:: EXERCISE INSTRUCTIONS ::
Everything from the first line of the entries through the line containing "V (closure (\<Union>" is to be retyped exactly, and nothing beyond it.

'''

theorem proposition4p2:
  fixes p :: "'i \<Rightarrow> 'a::star_algebra \<Rightarrow> real"
    and E :: "'l::preorder \<Rightarrow> 'h::chilbert_space set"
    and k :: nat
    and \<phi> :: "'a list \<Rightarrow> 'h \<Rightarrow> 'h"
    and \<pi> :: "nat \<Rightarrow> 'a \<Rightarrow> 'k::chilbert_space \<Rightarrow> 'k"
    and V :: "'h \<Rightarrow> 'k"
    and F :: "'l \<Rightarrow> 'k set"
  assumes "locally_C_star_algebra p"
    and "\<forall>l1 l2 :: 'l. \<exists>l3. l1 \<le> l3 \<and> l2 \<le> l3"
    and "qdomain (UNIV :: 'h set) E"
    and "1 \<le> k"
    and "ICPCC p E k \<phi>"
    and "stinespring_triple p E k \<phi> \<pi> V UNIV F"
  shows "\<exists>Kt F' \<pi>' V'. stinespring_triple p E k \<phi> \<pi>' V' Kt F'
           \<and> (\<forall>l. F' l \<subseteq> F l) \<and> minimal_triple E k \<pi>' V' F'"
proof -
  let ?K = "cyclic_subspace E k \<pi> V"
  have "stinespring_triple p E k \<phi> \<pi> V (closure (\<Union> (range ?K))) ?K"
  proof (rule stinespring_triple_restrict[OF assms(6,3,2)])
    fix l l' :: 'l
    show "closed_csubspace (?K l)"
      unfolding cyclic_subspace_def by (rule closed_csubspace_closure_cspan)
    show "?K l \<subseteq> F l" using assms(6) by (rule cyclic_subspace_subset)
    show "l \<le> l' \<Longrightarrow> ?K l \<subseteq> ?K l'" using assms(3) by (rule cyclic_subspace_mono)
    show "V ` E l \<subseteq> ?K l"
      using image_V_subset_cyclic_vectors[OF assms(6)] cspan_superset closure_subset
      unfolding cyclic_subspace_def by blast
    show "\<pi> q a ` ?K l \<subseteq> ?K l" if "q \<in> {1..(k + 1) div 2}" for q a
      using assms(6) that by (rule cyclic_subspace_invariant)
  qed
  moreover have "minimal_triple E k \<pi> V ?K"
    unfolding minimal_triple_def cyclic_subspace_def cyclic_vectors_def by simp
  ultimately show ?thesis using cyclic_subspace_subset[OF assms(6)] by blast
qed

end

'''

:: RESPONSE BELOW ::
theorem proposition4p2:
  fixes p :: "'i \<Rightarrow> 'a::star_algebra \<Rightarrow> real"
    and E :: "'l::preorder \<Rightarrow> 'h::chilbert_space set"
    and k :: nat
    and \<phi> :: "'a list \<Rightarrow> 'h \<Rightarrow> 'h"
    and \<pi> :: "nat \<Rightarrow> 'a \<Rightarrow> 'k::chilbert_space \<Rightarrow> 'k"
    and V :: "'h \<Rightarrow> 'k"
    and F :: "'l \<Rightarrow> 'k set"
  assumes "locally_C_star_algebra p"
    and "\<forall>l1 l2 :: 'l. \<exists>l3. l1 \<le> l3 \<and> l2 \<le> l3"
    and "qdomain (UNIV :: 'h set) E"
    and "1 \<le> k"
    and "ICPCC p E k \<phi>"
    and "stinespring_triple p E k \<phi> \<pi> V UNIV F"
  shows "\<exists>Kt F' \<pi>' V'. stinespring_triple p E k \<phi> \<pi>' V' Kt F'
           \<and> (\<forall>l. F' l \<subseteq> F l) \<and> minimal_triple E k \<pi>' V' F'"
proof -
  let ?K = "cyclic_subspace E k \<pi> V"
  have "stinespring_triple p E k \<phi> \<pi> V (closure (\<Union> (range ?K))) ?K"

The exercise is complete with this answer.